RMI Corporation
- Logo with original name
- Founded: 2002; 24 years ago
- Founder: S. Atiq Raza
- Fate: Merged into NetLogic Microsystems, then Broadcom
- Products: Network processors

= RMI Corporation =

RMI Corporation, formerly Raza Microelectronics, Inc., was a privately held fabless semiconductor company headquartered in Cupertino, California, which specialized in designing system-on-a-chip processors for computer networking (known as network processors) and consumer media applications.

== History ==
Atiq Raza was Hired as the CEO of NexGen in 1991, NexGen was later acquired by AMD in 1995. Raza was AMD's president and chief operating officer in the late 1990s after the NexGen acquisition.
He left AMD in 1999 and founded Raza Microelectronics, Inc. in 2002.
In 2003, SandCraft Inc folded, and Raza acquired the rights to its intellectual property.
Behrooz Abdi became president and CEO in November 2007, and Raza Microelectronics changed its name to RMI Corporation in December 2007.
In January 2008 Raza settled with the U.S. Securities and Exchange Commission over an allegation of insider trading during 2006.
RMI was not affiliated with Foundries Holdings, LLC, formerly known as Raza Foundries, Inc.

Most of RMI's revenue came from its multi-core processor product line, which had major customers from China including Huawei, ZTE, and H3C. The China business of RMI was built from scratch by its co-founder Sunny Siu.
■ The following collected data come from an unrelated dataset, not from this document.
(* In the setting described in the context, assume (A1), (A2) and (A3), and let $\gamma_0$ be sufficiently large. Let $\boldsymbol u_h\in W_h$ solve $A(\boldsymbol u_h,\boldsymbol v)=l(\boldsymbol v)$ for all $\boldsymbol v\in W_h$. Then $$\|\boldsymbol u-\boldsymbol u_h\|_a^2+\sum_{i=1}^2\gamma_0^{-1}\|S_i(\boldsymbol u)-S_i(\boldsymbol u_h)\|^2_{H^{-1/2}_h(\partial\Omega_{i,C})}$$ $$\lesssim\inf_{\boldsymbol v_h\in W_h}\Big((1+\gamma_0^{-1})\|\boldsymbol u-\boldsymbol v_h\|_a^2+\sum_{i=1}^2\Big(\gamma_0^{-1}\|\sigma_n(\boldsymbol u_i-\boldsymbol v_{h,i})\|^2_{H^{-1/2}_h(\partial\Omega_{i,C})}+\gamma_0\|[(\boldsymbol u-\boldsymbol v_h)_n]_i\|^2_{H^{1/2}_h(\partial\Omega_{i,C})}\Big)\Big).$$
   Context: Let $d\in\{2,3\}$ and let $\Omega_1,\Omega_2\subset\mathbb{R}^d$ be bounded Lipschitz domains (elastic bodies). The boundary of each $\Omega_i$ is split into disjoint parts $\partial\Omega_{i,D}$ (Dirichlet, positive measure), $\partial\Omega_{i,N}$ (Neumann) and $\partial\Omega_{i,C}$ (potential contact zone); $\boldsymbol n_i$ is the exterior unit normal of $\Omega_i$. Let $\Omega_0$ be a $(d-1)$-dimensional curve/surface (the hybrid object) lying between $\Omega_1$ and $\Omega_2$, let $\boldsymbol p_0$ be the closest point map onto $\Omega_0$, let $\boldsymbol n_{i,0}(\boldsymbol z)$, $\boldsymbol z\in\partial\Omega_{i,C}$, be the unit normal of $\Omega_0$ at $\boldsymbol p_0(\boldsymbol z)$ pointing into $\Omega_i$, and let $\rho_{i,0}(\boldsymbol z)=\boldsymbol n_{i,0}(\boldsymbol z)\cdot(\boldsymbol z-\boldsymbol p_0(\boldsymbol z))$ be the gap. Stresses obey Hooke's law $\boldsymbol\sigma(\boldsymbol v)=\lambda_i\,\mathrm{tr}\,\boldsymbol\epsilon(\boldsymbol v)\boldsymbol I+2\mu_i\boldsymbol\epsilon(\boldsymbol v)$, $\boldsymbol\epsilon(\boldsymbol v)=\tfrac12(\nabla\boldsymbol v+\nabla\boldsymbol v^{T})$, with Lamé parameters $\lambda_i,\mu_i>0$ on $\Omega_i$; $\sigma_n(\boldsymbol v_i)=\boldsymbol n_i\cdot\boldsymbol\sigma(\boldsymbol v_i)\boldsymbol n_i$. For a triple $\boldsymbol v=(\boldsymbol v_0,\boldsymbol v_1,\boldsymbol v_2)$ of $\mathbb{R}^d$-valued fields on $\Omega_0,\Omega_1,\Omega_2$, the normal jump on $\partial\Omega_{i,C}$ is $[v_n]_i(\boldsymbol z)=\boldsymbol n_{i,0}(\boldsymbol z)\cdot\big(\boldsymbol v_i(\boldsymbol z)-\boldsymbol v_0(\boldsymbol p_0(\boldsymbol z))\big)$. Spaces: $V_i$ ($i=1,2$) is $H^1(\Omega_i)^d$ with zero trace on $\partial\Omega_{i,D}$; $V_0=H^{s_0}(\Omega_0)^d$ for some $s_0\ge0$ determined by the hybrid model; $W=V_0\oplus V_1\oplus V_2$. $V_{h,i}\subset V_i$, $i=0,1,2$, are conforming piecewise polynomial finite element spaces on quasi-uniform shape-regular meshes of $\Omega_i$ with mesh sizes $h_i$, and $W_h=V_{h,0}\oplus V_{h,1}\oplus V_{h,2}$. Fix $\gamma_0>0$. For each $i\in\{1,2\}$ a constraint type (equality or inequality) is fixed, and with the Nitsche normal stress $\Sigma_{n,i}(\boldsymbol v)=\sigma_n(\boldsymbol v_i)-\gamma_0h_i^{-1}([v_n]_i-\rho_{i,0})$ one sets $S_i(\boldsymbol v)=\Sigma_{n,i}(\boldsymbol v)$ (equality) or $S_i(\boldsymbol v)=\min(\Sigma_{n,i}(\boldsymbol v),0)$ pointwise (inequality); also $DS_i(\boldsymbol w)=\sigma_n(\boldsymbol w_i)-\gamma_0h_i^{-1}[w_n]_i$. For $s\in\mathbb{R}$, $\|v\|^2_{H^s_h(\partial\Omega_{i,C})}=h_i^{-2s}\|v\|^2_{L^2(\partial\Omega_{i,C})}$. Forms: $a_i(\boldsymbol v,\boldsymbol w)=(\boldsymbol\sigma(\boldsymbol v_i),\boldsymbol\epsilon(\boldsymbol w_i))_{\Omega_i}$ for $i=1,2$; $a_0$ is a given bilinear form on $V_0$ modelling the hybrid object (e.g. a plate or membrane). Two cases: Case 1 (auxiliary hybrid space): $I_a=\{1,2\}$, no $a_0$; Case 2 (physical hybrid model): $I_a=\{0,1,2\}$. Set $a(\boldsymbol v,\boldsymbol w)=\sum_{i\in I_a}a_i(\boldsymbol v_i,\boldsymbol w_i)$, $\|\boldsymbol v\|_a^2=a(\boldsymbol v,\boldsymbol v)$; $b_i(\boldsymbol v,\boldsymbol w)=\gamma_0^{-1}h_i(S_i(\boldsymbol v),DS_i(\boldsymbol w))_{L^2(\partial\Omega_{i,C})}$, $b=b_1+b_2$; $c_i(\boldsymbol v,\boldsymbol w)=\gamma_0^{-1}h_i(\sigma_n(\boldsymbol v_i),\sigma_n(\boldsymbol w_i))_{L^2(\partial\Omega_{i,C})}$, $c=c_1+c_2$, $\|\boldsymbol v\|_c^2=c(\boldsymbol v,\boldsymbol v)$; $A(\boldsymbol v,\boldsymbol w)=a(\boldsymbol v,\boldsymbol w)+b(\boldsymbol v,\boldsymbol w)-c(\boldsymbol v,\boldsymbol w)$. The load is $l(\boldsymbol v)=\sum_{i\in I_a}l_i(\boldsymbol v_i)$ with $l_i$ given bounded linear functionals on $V_i$. Assumptions: (A1) for each $i\in I_a$, $a_i$ is symmetric, coercive and continuous on $V_i$: $\|\boldsymbol v\|^2_{V_i}\lesssim a_i(\boldsymbol v,\boldsymbol v)$ and $a_i(\boldsymbol v,\boldsymbol w)\lesssim\|\boldsymbol v\|_{V_i}\|\boldsymbol w\|_{V_i}$. (A2) inverse bound: $\|\boldsymbol v\|_c^2\le C_1\gamma_0^{-1}\|\boldsymbol v\|_a^2$ for all $\boldsymbol v\in W_h$, with $C_1$ independent of $h_i$ and $\gamma_0$. (A3) the exact solution $\boldsymbol u=(\boldsymbol u_0,\boldsymbol u_1,\boldsymbol u_2)\in W$ is regular enough that $\sigma_n(\boldsymbol u_i)\in L^2(\partial\Omega_{i,C})$, $i=1,2$, and it satisfies the consistency relation $A(\boldsymbol u,\boldsymbol v)=l(\boldsymbol v)$ for all $\boldsymbol v\in W_h$. The notation $X\lesssim Y$ means $X\le CY$ with $C$ independent of the mesh sizes $h_i$ and of $\gamma_0$. *)

theory Defs
  imports "HOL-Analysis.Analysis"
begin
(* Let $G$ be a graph of order $n$ with fair domination number $\gamma_f(G)$. Then $\mathcal{C}_f(G)\leq n-\gamma_f(G)+2$.
   Context: All graphs are finite and simple; $G=(V,E)$, $N(v)$ is the open neighborhood of $v$. A dominating set is $D\subseteq V$ such that every vertex of $V\setminus D$ has a neighbor in $D$. For an integer $k\geq 1$, a $k$-fair dominating set is a dominating set $D$ such that $|N(v)\cap D|=k$ for every $v\in V\setminus D$. A fair dominating set is a $k$-fair dominating set for some integer $k\geq 1$. The fair domination number $\gamma_f(G)$ is the minimum cardinality of a fair dominating set of $G$ if $G$ has an edge, and $\gamma_f(\overline{K_n})=n$ by convention. A fair coalition consists of two disjoint sets $A_1,A_2\subseteq V$, neither of which is a fair dominating set, such that $A_1\cup A_2$ is a fair dominating set. A fair coalition partition ($fc$-partition) of $G$ is a partition $\Upsilon=\{A_1,\dots,A_k\}$ of $V$ such that every $A_i$ is either a singleton fair dominating set of $G$, or is not a fair dominating set and forms a fair coalition with some other non-fair-dominating set $A_j\in\Upsilon$. The fair coalition number $\mathcal{C}_f(G)$ is the maximum number of parts of an $fc$-partition of $G$. *)

theory Defs
  imports Main
begin

definition graph :: "'a set \<Rightarrow> ('a \<Rightarrow> 'a \<Rightarrow> bool) \<Rightarrow> bool" where
  "graph V E \<longleftrightarrow> finite V \<and> (\<forall>u v. E u v \<longrightarrow> u \<in> V \<and> v \<in> V)
     \<and> (\<forall>u v. E u v \<longrightarrow> E v u) \<and> (\<forall>v. \<not> E v v)"

definition nbhd :: "'a set \<Rightarrow> ('a \<Rightarrow> 'a \<Rightarrow> bool) \<Rightarrow> 'a \<Rightarrow> 'a set" where
  "nbhd V E v = {u \<in> V. E v u}"

definition dominating :: "'a set \<Rightarrow> ('a \<Rightarrow> 'a \<Rightarrow> bool) \<Rightarrow> 'a set \<Rightarrow> bool" where
  "dominating V E D \<longleftrightarrow> D \<subseteq> V \<and> (\<forall>v \<in> V - D. \<exists>u \<in> D. E v u)"

definition k_fair_dom :: "'a set \<Rightarrow> ('a \<Rightarrow> 'a \<Rightarrow> bool) \<Rightarrow> nat \<Rightarrow> 'a set \<Rightarrow> bool" where
  "k_fair_dom V E k D \<longleftrightarrow> dominating V E D \<and> (\<forall>v \<in> V - D. card (nbhd V E v \<inter> D) = k)"

definition fair_dom :: "'a set \<Rightarrow> ('a \<Rightarrow> 'a \<Rightarrow> bool) \<Rightarrow> 'a set \<Rightarrow> bool" where
  "fair_dom V E D \<longleftrightarrow> (\<exists>k \<ge> 1. k_fair_dom V E k D)"

definition fair_domination_number :: "'a set \<Rightarrow> ('a \<Rightarrow> 'a \<Rightarrow> bool) \<Rightarrow> nat" where
  "fair_domination_number V E =
     (if \<exists>u \<in> V. \<exists>v \<in> V. E u v then Min {card D | D. fair_dom V E D} else card V)"

definition fair_coalition :: "'a set \<Rightarrow> ('a \<Rightarrow> 'a \<Rightarrow> bool) \<Rightarrow> 'a set \<Rightarrow> 'a set \<Rightarrow> bool" where
  "fair_coalition V E A1 A2 \<longleftrightarrow> A1 \<subseteq> V \<and> A2 \<subseteq> V \<and> A1 \<inter> A2 = {}
     \<and> \<not> fair_dom V E A1 \<and> \<not> fair_dom V E A2 \<and> fair_dom V E (A1 \<union> A2)"

definition is_partition :: "'a set \<Rightarrow> 'a set set \<Rightarrow> bool" where
  "is_partition V P \<longleftrightarrow> \<Union>P = V \<and> (\<forall>A \<in> P. A \<noteq> {})
     \<and> (\<forall>A \<in> P. \<forall>B \<in> P. A \<noteq> B \<longrightarrow> A \<inter> B = {})"

definition fc_partition :: "'a set \<Rightarrow> ('a \<Rightarrow> 'a \<Rightarrow> bool) \<Rightarrow> 'a set set \<Rightarrow> bool" where
  "fc_partition V E P \<longleftrightarrow> is_partition V P \<and>
     (\<forall>A \<in> P. (card A = 1 \<and> fair_dom V E A) \<or>
              (\<not> fair_dom V E A \<and> (\<exists>B \<in> P. B \<noteq> A \<and> fair_coalition V E A B)))"

text \<open>Maximum number of parts of an fc-partition (Sup of nat; 0 if none exists).\<close>
definition fair_coalition_number :: "'a set \<Rightarrow> ('a \<Rightarrow> 'a \<Rightarrow> bool) \<Rightarrow> nat" where
  "fair_coalition_number V E = Sup {card P | P. fc_partition V E P}"

end

theory Submission
  imports Defs
begin

text \<open>If one part of an fc-partition is a singleton fair dominating set, then
  \<open>\<gamma>\<^sub>f(G) \<le> 1\<close> and the bound is just \<open>|\<Upsilon>| \<le> n\<close>. Otherwise some part \<open>A\<close> forms a fair
  coalition with another part \<open>B\<close>, so \<open>|A \<union> B| \<ge> \<gamma>\<^sub>f(G)\<close>, and the remaining parts are
  nonempty and disjoint inside \<open>V - (A \<union> B)\<close>; hence there are at most
  \<open>n - \<gamma>\<^sub>f(G)\<close> of them besides \<open>A\<close> and \<open>B\<close>.\<close>

lemma card_le_card_Union_disjoint:
  assumes "finite (\<Union>P)" "{} \<notin> P" "pairwise disjnt P"
  shows "card P \<le> card (\<Union>P)"
proof -
  have finite_parts: "\<And>A. A \<in> P \<Longrightarrow> finite A"
    using assms(1) by (meson Sup_upper finite_subset)
  have "card P = (\<Sum>A\<in>P. 1)" by simp
  also have "\<dots> \<le> sum card P"
    using assms(2) finite_parts by (intro sum_mono) (metis One_nat_def Suc_leI card_gt_0_iff)
  also have "\<dots> = card (\<Union>P)"
    using assms(3) finite_parts by (rule card_Union_disjoint[symmetric])
  finally show ?thesis .
qed

lemma fair_dom_subset: "fair_dom V E D \<Longrightarrow> D \<subseteq> V"
  unfolding fair_dom_def k_fair_dom_def dominating_def by auto

lemma fair_domination_number_le_card:
  assumes "graph V E" and "fair_dom V E D"
  shows "fair_domination_number V E \<le> card D"
proof (cases "\<exists>u \<in> V. \<exists>v \<in> V. E u v")
  case True
  have "{card D | D. fair_dom V E D} \<subseteq> card ` Pow V"
    using fair_dom_subset by blast
  then have "finite {card D | D. fair_dom V E D}"
    using assms(1) unfolding graph_def by (meson finite_Pow_iff finite_imageI finite_subset)
  moreover have "card D \<in> {card D | D. fair_dom V E D}" using assms(2) by blast
  ultimately show ?thesis
    using True by (simp add: fair_domination_number_def)
next
  case False
  \<comment> \<open>without edges only \<open>V\<close> itself dominates\<close>
  have "V \<subseteq> D"
  proof
    fix v assume "v \<in> V"
    show "v \<in> D"
    proof (rule ccontr)
      assume "v \<notin> D"
      then obtain u where "u \<in> D" "E v u"
        using \<open>v \<in> V\<close> assms(2) unfolding fair_dom_def k_fair_dom_def dominating_def by blast
      then show False
        using False \<open>v \<in> V\<close> fair_dom_subset[OF assms(2)] by blast
    qed
  qed
  then have "D = V" using fair_dom_subset[OF assms(2)] by blast
  then show ?thesis using False by (simp add: fair_domination_number_def)
qed

lemma card_fc_partition_le:
  assumes G: "graph V E" and P: "fc_partition V E P"
  shows "card P \<le> card V - fair_domination_number V E + 2"
proof -
  have "finite V" using G by (simp add: graph_def)
  have union: "\<Union>P = V" and nonempty: "{} \<notin> P" and disjoint: "pairwise disjnt P"
    using P unfolding fc_partition_def is_partition_def pairwise_def disjnt_def by auto
  have card_P_le: "card P \<le> card V"
    using card_le_card_Union_disjoint[OF _ nonempty disjoint] union \<open>finite V\<close> by simp
  show ?thesis
  proof (cases "P = {}")
    case False
    then obtain A where "A \<in> P" by blast
    then consider "card A = 1" "fair_dom V E A"
      | B where "B \<in> P" "B \<noteq> A" "fair_dom V E (A \<union> B)"
      using P unfolding fc_partition_def fair_coalition_def by blast
    then show ?thesis
    proof cases
      case 1
      then have "fair_domination_number V E \<le> 1"
        using fair_domination_number_le_card[OF G] by metis
      then show ?thesis using card_P_le by linarith
    next
      case (2 B)
      have "A \<union> B \<subseteq> V" using \<open>A \<in> P\<close> \<open>B \<in> P\<close> union by blast
      let ?Q = "P - {A, B}"
      have "\<Union>?Q \<subseteq> V - (A \<union> B)"
        using union disjoint \<open>A \<in> P\<close> \<open>B \<in> P\<close> by (auto simp: pairwise_def disjnt_def)
      then have "card ?Q \<le> card (V - (A \<union> B))"
        using card_le_card_Union_disjoint[of ?Q] nonempty disjoint \<open>finite V\<close>
        by (meson Diff_subset card_mono finite_Diff finite_subset order_trans pairwise_subset
            subset_iff)
      also have "\<dots> = card V - card (A \<union> B)"
        using \<open>A \<union> B \<subseteq> V\<close> \<open>finite V\<close> by (meson card_Diff_subset finite_subset)
      also have "\<dots> \<le> card V - fair_domination_number V E"
        using fair_domination_number_le_card[OF G 2(3)] by simp
      finally show ?thesis
        using \<open>A \<in> P\<close> \<open>B \<in> P\<close> \<open>B \<noteq> A\<close> by (simp add: card_Diff_subset)
    qed
  qed simp
qed

theorem theorem2p7:
  fixes V :: "'a set" and E :: "'a \<Rightarrow> 'a \<Rightarrow> bool"
  assumes "graph V E"
  shows "fair_coalition_number V E \<le> card V - fair_domination_number V E + 2"
proof (cases "{card P | P. fc_partition V E P} = {}")
  case False
  then show ?thesis
    unfolding fair_coalition_number_def
    using card_fc_partition_le[OF assms] by (auto intro: cSup_least)
qed (simp add: fair_coalition_number_def)

end
(* Let $\mathcal{X},\mathcal{Y}$ be disjoint finite sets of Boolean variables, $alive\notin\mathcal{X}\cup\mathcal{Y}$ a fresh variable, $\alpha$ a Boolean formula over $\mathcal{X}$, $\phi$ an LTLf formula over $\mathcal{X}\cup\mathcal{Y}$, and $\psi=t(\phi)\wedge alive\wedge(alive\ U\ (G\neg alive))$. Then $\phi$ is $\alpha$-fair realizable if and only if the LTL formula $GF\alpha\rightarrow\psi$ is realizable with respect to $\langle\mathcal{X},\mathcal{Y}\cup\{alive\}\rangle$.
   Context: LTLf formulas: $\phi ::= a \mid \neg\phi \mid \phi_1\wedge\phi_2 \mid X\phi \mid \phi_1 U\phi_2$ with the finite-trace semantics: $\rho,i\models X\phi$ iff $i+1<|\rho|$ and $\rho,i+1\models\phi$; $\rho,i\models\phi_1U\phi_2$ iff there is $j$ with $i\le j<|\rho|$, $\rho,j\models\phi_2$ and $\rho,k\models\phi_1$ for $i\le k<j$; atoms and Boolean connectives as usual; $\rho\models\phi$ iff $\rho,0\models\phi$. LTL: same syntax plus $F,G$, standard semantics over infinite traces. Translation $t$: $t(a)=a$; $t(\neg\phi_1)=\neg t(\phi_1)$; $t(\phi_1\wedge\phi_2)=t(\phi_1)\wedge t(\phi_2)$; $t(X\phi)=X(alive\wedge t(\phi))$; $t(\phi_1U\phi_2)=t(\phi_1)\,U\,(alive\wedge t(\phi_2))$. $\alpha$-fair realizability: $\phi$ is $\alpha$-fair realizable if there is $g:(2^{\mathcal{X}})^+\to 2^{\mathcal{Y}}$ such that for every $\lambda=X_0,X_1,\ldots\in(2^{\mathcal{X}})^\omega$ with $X_j\models\alpha$ for infinitely many $j$, there is $k\ge0$ with $\phi$ true in $(X_0\cup g(X_0)),\ldots,(X_k\cup g(X_0,\ldots,X_k))$. LTL realizability: an LTL formula $\Psi$ over $\mathcal{X}\cup\mathcal{Y}'$ ($\mathcal{X},\mathcal{Y}'$ disjoint) is realizable with respect to $\langle\mathcal{X},\mathcal{Y}'\rangle$ if there is $f:(2^{\mathcal{X}})^+\to 2^{\mathcal{Y}'}$ such that for every $\lambda=X_0,X_1,\ldots\in(2^{\mathcal{X}})^\omega$, $\Psi$ holds on the infinite trace $(X_0\cup f(X_0)),(X_1\cup f(X_0,X_1)),(X_2\cup f(X_0,X_1,X_2)),\ldots$. *)

theory Defs
  imports Main
begin

datatype 'a bform = BTrue | BAtom 'a | BNot "'a bform" | BAnd "'a bform" "'a bform"

fun bsat :: "'a set \<Rightarrow> 'a bform \<Rightarrow> bool" where
  "bsat s BTrue = True"
| "bsat s (BAtom a) = (a \<in> s)"
| "bsat s (BNot b) = (\<not> bsat s b)"
| "bsat s (BAnd b1 b2) = (bsat s b1 \<and> bsat s b2)"

fun batoms :: "'a bform \<Rightarrow> 'a set" where
  "batoms BTrue = {}"
| "batoms (BAtom a) = {a}"
| "batoms (BNot b) = batoms b"
| "batoms (BAnd b1 b2) = batoms b1 \<union> batoms b2"

datatype 'a ltlf = FAtom 'a | FNot "'a ltlf" | FAnd "'a ltlf" "'a ltlf"
  | FNext "'a ltlf" | FUntil "'a ltlf" "'a ltlf"

fun ltlf_sat :: "'a set list \<Rightarrow> nat \<Rightarrow> 'a ltlf \<Rightarrow> bool" where
  "ltlf_sat \<rho> i (FAtom a) = (a \<in> \<rho> ! i)"
| "ltlf_sat \<rho> i (FNot p) = (\<not> ltlf_sat \<rho> i p)"
| "ltlf_sat \<rho> i (FAnd p q) = (ltlf_sat \<rho> i p \<and> ltlf_sat \<rho> i q)"
| "ltlf_sat \<rho> i (FNext p) = (i + 1 < length \<rho> \<and> ltlf_sat \<rho> (i + 1) p)"
| "ltlf_sat \<rho> i (FUntil p q) =
     (\<exists>j. i \<le> j \<and> j < length \<rho> \<and> ltlf_sat \<rho> j q \<and> (\<forall>k. i \<le> k \<and> k < j \<longrightarrow> ltlf_sat \<rho> k p))"

definition ltlf_models :: "'a set list \<Rightarrow> 'a ltlf \<Rightarrow> bool" where
  "ltlf_models \<rho> p = ltlf_sat \<rho> 0 p"

fun fatoms :: "'a ltlf \<Rightarrow> 'a set" where
  "fatoms (FAtom a) = {a}"
| "fatoms (FNot p) = fatoms p"
| "fatoms (FAnd p q) = fatoms p \<union> fatoms q"
| "fatoms (FNext p) = fatoms p"
| "fatoms (FUntil p q) = fatoms p \<union> fatoms q"

datatype 'a ltl = LTrue | LAtom 'a | LNot "'a ltl" | LAnd "'a ltl" "'a ltl"
  | LNext "'a ltl" | LUntil "'a ltl" "'a ltl" | LF "'a ltl" | LG "'a ltl"

fun ltl_sat :: "(nat \<Rightarrow> 'a set) \<Rightarrow> nat \<Rightarrow> 'a ltl \<Rightarrow> bool" where
  "ltl_sat w i LTrue = True"
| "ltl_sat w i (LAtom a) = (a \<in> w i)"
| "ltl_sat w i (LNot p) = (\<not> ltl_sat w i p)"
| "ltl_sat w i (LAnd p q) = (ltl_sat w i p \<and> ltl_sat w i q)"
| "ltl_sat w i (LNext p) = ltl_sat w (i + 1) p"
| "ltl_sat w i (LUntil p q) =
     (\<exists>j. i \<le> j \<and> ltl_sat w j q \<and> (\<forall>k. i \<le> k \<and> k < j \<longrightarrow> ltl_sat w k p))"
| "ltl_sat w i (LF p) = (\<exists>j. i \<le> j \<and> ltl_sat w j p)"
| "ltl_sat w i (LG p) = (\<forall>j. i \<le> j \<longrightarrow> ltl_sat w j p)"

definition ltl_models :: "(nat \<Rightarrow> 'a set) \<Rightarrow> 'a ltl \<Rightarrow> bool" where
  "ltl_models w p = ltl_sat w 0 p"

definition LImp :: "'a ltl \<Rightarrow> 'a ltl \<Rightarrow> 'a ltl" where
  "LImp p q = LNot (LAnd p (LNot q))"

fun bform_to_ltl :: "'a bform \<Rightarrow> 'a ltl" where
  "bform_to_ltl BTrue = LTrue"
| "bform_to_ltl (BAtom a) = LAtom a"
| "bform_to_ltl (BNot b) = LNot (bform_to_ltl b)"
| "bform_to_ltl (BAnd b1 b2) = LAnd (bform_to_ltl b1) (bform_to_ltl b2)"

fun transl :: "'a \<Rightarrow> 'a ltlf \<Rightarrow> 'a ltl" where
  "transl alive (FAtom a) = LAtom a"
| "transl alive (FNot p) = LNot (transl alive p)"
| "transl alive (FAnd p q) = LAnd (transl alive p) (transl alive q)"
| "transl alive (FNext p) = LNext (LAnd (LAtom alive) (transl alive p))"
| "transl alive (FUntil p q) = LUntil (transl alive p) (LAnd (LAtom alive) (transl alive q))"

definition psi :: "'a \<Rightarrow> 'a ltlf \<Rightarrow> 'a ltl" where
  "psi alive \<phi> = LAnd (transl alive \<phi>)
      (LAnd (LAtom alive) (LUntil (LAtom alive) (LG (LNot (LAtom alive)))))"

text \<open>Strategies map nonempty input histories (lists X_0,...,X_k) to output letters.\<close>

definition alpha_fair_realizable ::
  "'a set \<Rightarrow> 'a set \<Rightarrow> 'a bform \<Rightarrow> 'a ltlf \<Rightarrow> bool" where
  "alpha_fair_realizable X Y \<alpha> \<phi> =
    (\<exists>g :: 'a set list \<Rightarrow> 'a set. (\<forall>h. g h \<subseteq> Y) \<and>
       (\<forall>lam :: nat \<Rightarrow> 'a set. (\<forall>j. lam j \<subseteq> X) \<longrightarrow> infinite {j. bsat (lam j) \<alpha>} \<longrightarrow>
          (\<exists>k. ltlf_models (map (\<lambda>j. lam j \<union> g (map lam [0..<Suc j])) [0..<Suc k]) \<phi>)))"

definition ltl_realizable :: "'a set \<Rightarrow> 'a set \<Rightarrow> 'a ltl \<Rightarrow> bool" where
  "ltl_realizable X Y' \<Psi> =
    (\<exists>f :: 'a set list \<Rightarrow> 'a set. (\<forall>h. f h \<subseteq> Y') \<and>
       (\<forall>lam :: nat \<Rightarrow> 'a set. (\<forall>j. lam j \<subseteq> X) \<longrightarrow>
          ltl_models (\<lambda>j. lam j \<union> f (map lam [0..<Suc j])) \<Psi>))"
In 2008, RMI merged with NetLogic Microsystems, which was acquired by Broadcom in 2012.

== Product lines ==
RMI had four product lines: three developed internally and one acquired.

The XLR (introduced circa 2005) was a multicore, multithreaded CPU used for network processing. XLR integrated circuits had 2 to 8 MIPS architecture CPU cores, each extended to support 4 hardware threads. XLR processors included HyperTransport, PCI-X, Gigabit Ethernet, and IEEE floating point unit per core and optionally 10 Gigabit Ethernet interconnects.
A 2.0 GHz clock rate for the XLP was announced in May 2009.

The XLS was a smaller, lower-cost multicore multithreading MIPS-based CPU used for network processing. The XLS family had options with 1 or 2 CPU cores, each with 4 hardware threads; 2 to 8 Gigabit Ethernet interfaces or two 10-gigabit Ethernet interfaces; and 1 or 2 PCI-Express interfaces. The XLS processor was widely used in Huawei's LTE base stations.

The Alchemy processor was originally developed by Alchemy Semiconductor, which was then purchased by AMD. This product line was purchased by RMI in 2006. The Alchemy processor is a low-power MIPS architecture system-on-a-chip with integrated graphics and signal processing, designed for media players and portable video devices.

The Orion network interface chip was used to translate Gigabit Ethernet data traffic to synchronous optical networking (SONET/SDH) Optical Carrier OC-48 network links and back again, to connect local area networks with wide area network circuits.

RMI processors were used in router, firewall, and switch products sold by other networking equipment vendors, and consumer electronics manufacturers.